Unfortunately for Fairman and his Connaught, the race would start out absolutely terrible. Jack Fairman's race would last just a little more than 2 laps before he would crash and drop out of the race.
Parnell would be putting together the performance of a lifetime as he would continue to hold off Moss for the lead of the race. Over the first 12 to 13 laps the order at the front would remain unchanged. Behind the two, Salvadori was just getting warmed up.
It seemed Moss was just stalking Parnell, but then, it would all fall apart for Moss when his engine blew on the 13th lap of the race. This left Parnell in the lead with Salvadori closing in on him. Salvadori would continue to gain ground. Anchored by a fastest lap time over a second faster than Moss' qualifying effort, Salvadori would put tremendous pressure on Parnell and it would end up coming out in Salvadori's favor as the engine on Parnell's car began to run afoul. This would hand the lead firmly over to Salvadori while Parnell began to drift down the running order.
Parnell's engine would cause such problems that he would fail to finish the final lap of the race and would go from its leader to being a lap down in the end. Still, his performance would still be strong enough to let him finish.

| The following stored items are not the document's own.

(* Let $(\varphi_\alpha)_{\alpha>0}$ be a non-linear regularizing filter satisfying Assumption A. Then for every $\alpha>0$, $\operatorname{dom}(\mathbf{M}_\kappa^+\circ\Phi_{\alpha,\kappa})=\ell^2(\Lambda)$. Moreover, there exist proper, convex, lower semi-continuous $s_\lambda\colon\mathbb{R}\to\mathbb{R}\cup\{\infty\}$, $\lambda\in\Lambda$, with $s_\lambda\ge s_\lambda(0)=0$ and $\varphi_\alpha(\kappa_\lambda,\cdot)=\operatorname{prox}_{\alpha s_\lambda}$ for all $\alpha>0$, and the functional $\mathcal{R}((x_\lambda)_\lambda):=\sum_\lambda s_\lambda(\kappa_\lambda x_\lambda)$ on $\ell^2(\Lambda)$ is proper, convex, lower semi-continuous and norm-coercive, and satisfies for all $\alpha>0$ and all $z\in\ell^2(\Lambda)$: $$\mathbf{M}_\kappa^+\circ\Phi_{\alpha,\kappa}(z)=\operatorname{argmin}_{x\in\ell^2(\Lambda)}\tfrac12\|\mathbf{M}_\kappa x-z\|^2+\alpha\mathcal{R}(x).$$
   Context: $\Lambda$ is an at most countable index set and $\kappa=(\kappa_\lambda)_{\lambda\in\Lambda}\in(0,\infty)^\Lambda$ with $\sup_\lambda\kappa_\lambda<\infty$. $\mathbf{M}_\kappa\colon\ell^2(\Lambda)\to\ell^2(\Lambda)$, $(x_\lambda)\mapsto(\kappa_\lambda x_\lambda)$; $\mathbf{M}_\kappa^+$ is its Moore–Penrose inverse, with domain $\{(c_\lambda)\in\ell^2:(c_\lambda/\kappa_\lambda)\in\ell^2\}$ and $\mathbf{M}_\kappa^+((c_\lambda))=(c_\lambda/\kappa_\lambda)$. A non-linear regularizing filter is a family $(\varphi_\alpha)_{\alpha>0}$ of functions $\varphi_\alpha\colon(0,\infty)\times\mathbb{R}\to\mathbb{R}$ such that for all $\alpha,\kappa>0$: (F1) $\varphi_\alpha(\kappa,\cdot)$ is non-decreasing; (F2) $\varphi_\alpha(\kappa,\cdot)$ is 1-Lipschitz; (F3) $\varphi_\alpha(\kappa,0)=0$; (F4) $\lim_{\alpha\to0}\varphi_\alpha(\kappa,c)=c$ for all $c\in\mathbb{R}$. $\Phi_{\alpha,\kappa}((c_\lambda))=(\varphi_\alpha(\kappa_\lambda,c_\lambda))_\lambda$; $\operatorname{dom}(\mathbf{M}_\kappa^+\circ\Phi_{\alpha,\kappa})=\{z\in\ell^2(\Lambda):\Phi_{\alpha,\kappa}(z)\in\operatorname{dom}(\mathbf{M}_\kappa^+)\}$. Assumption A: (A1) for all $\kappa>0$ and $y\in\mathbb{R}$, the set $\big(\varphi_\alpha(\kappa,\cdot)^{-1}(y)-y\big)/\alpha=\{(w-y)/\alpha:\varphi_\alpha(\kappa,w)=y\}$ does not depend on $\alpha>0$; (A2) for some $\tilde\alpha>0$ there exist $b,c>0$ such that for all $\kappa>0$ and all $x\in\mathbb{R}$: $|x|\le\min\big(\varphi_{\tilde\alpha}(\kappa,\cdot)^{-1}(c\kappa)\big)\Rightarrow|\varphi_{\tilde\alpha}(\kappa,x)|\le\frac{\kappa^2}{\kappa^2+\tilde\alpha b}|x|$ (here $\min$ of the closed interval $\varphi_{\tilde\alpha}(\kappa,\cdot)^{-1}(c\kappa)$ is its smallest element). $\operatorname{prox}_f(x)=\operatorname{argmin}_y\tfrac12|x-y|^2+f(y)$. A functional $\mathcal{R}$ is norm-coercive if $\mathcal{R}(x^k)\to\infty$ for every sequence $(x^k)$ in $\operatorname{dom}(\mathcal{R})$ with $\|x^k\|\to\infty$. *)

theory Defs
  imports "HOL-Analysis.Analysis"
begin

text \<open>The index set Lambda is the (at most countable) universe of a countable type 'i.
  Sequence spaces are represented by functions 'i => real.\<close>

definition l2 :: "('i \<Rightarrow> real) set" where
  "l2 = {x. (\<lambda>i. (x i)\<^sup>2) summable_on UNIV}"

definition l2norm :: "('i \<Rightarrow> real) \<Rightarrow> real" where
  "l2norm x = sqrt (\<Sum>\<^sub>\<infinity>i. (x i)\<^sup>2)"

definition Mk :: "('i \<Rightarrow> real) \<Rightarrow> ('i \<Rightarrow> real) \<Rightarrow> ('i \<Rightarrow> real)" where
  "Mk \<kappa> x = (\<lambda>i. \<kappa> i * x i)"

definition dom_Mk_pinv :: "('i \<Rightarrow> real) \<Rightarrow> ('i \<Rightarrow> real) set" where
  "dom_Mk_pinv \<kappa> = {c \<in> l2. (\<lambda>i. c i / \<kappa> i) \<in> l2}"

definition Mk_pinv :: "('i \<Rightarrow> real) \<Rightarrow> ('i \<Rightarrow> real) \<Rightarrow> ('i \<Rightarrow> real)" where
  "Mk_pinv \<kappa> c = (\<lambda>i. c i / \<kappa> i)"

definition Phi :: "(real \<Rightarrow> real \<Rightarrow> real \<Rightarrow> real) \<Rightarrow> real \<Rightarrow> ('i \<Rightarrow> real) \<Rightarrow> ('i \<Rightarrow> real) \<Rightarrow> ('i \<Rightarrow> real)" where
  "Phi \<phi> \<alpha> \<kappa> c = (\<lambda>i. \<phi> \<alpha> (\<kappa> i) (c i))"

It would be Salvadori's day. Besides setting the fastest lap of the race, Salvadori would leave everyone else in his wake over the course of the race. Completing the race distance in thirty-six minutes and thirty-three seconds, Salvadori would enjoy a victory with fifteen seconds in hand over Bob Gerard in 2nd place. Another ten seconds would be the difference back to Horace Gould finishing in the 3rd position.
Parnell's race would be a rather disappointing experience. Though he would start the race in 5th place and he would go on to lead more than a majority of the race, it would all come to naught in the end. In fact, he would go from the top to nearly the very bottom. Not only would he finish the race a lap down, but he would also finish up down in 6th place behind a couple of A-Type Connaughts.
It would prove to be a day of mixed feelings for the team. Parnell's 6th place was certainly a welcome result for the team, but the fact that it came after he had been dominating the race with Moss giving chase from behind would not sit well in the stomach. Then the misfortune leading to Parnell finishing behind a couple of Formula 2 A-Types would just be the final insult. Connaught was barely hanging on, in races and as a company. Still, with one race remaining on the team's calendar, everyone at Connaught would hold out hope that they could achieve what, to that point, had been nothing more than a dream.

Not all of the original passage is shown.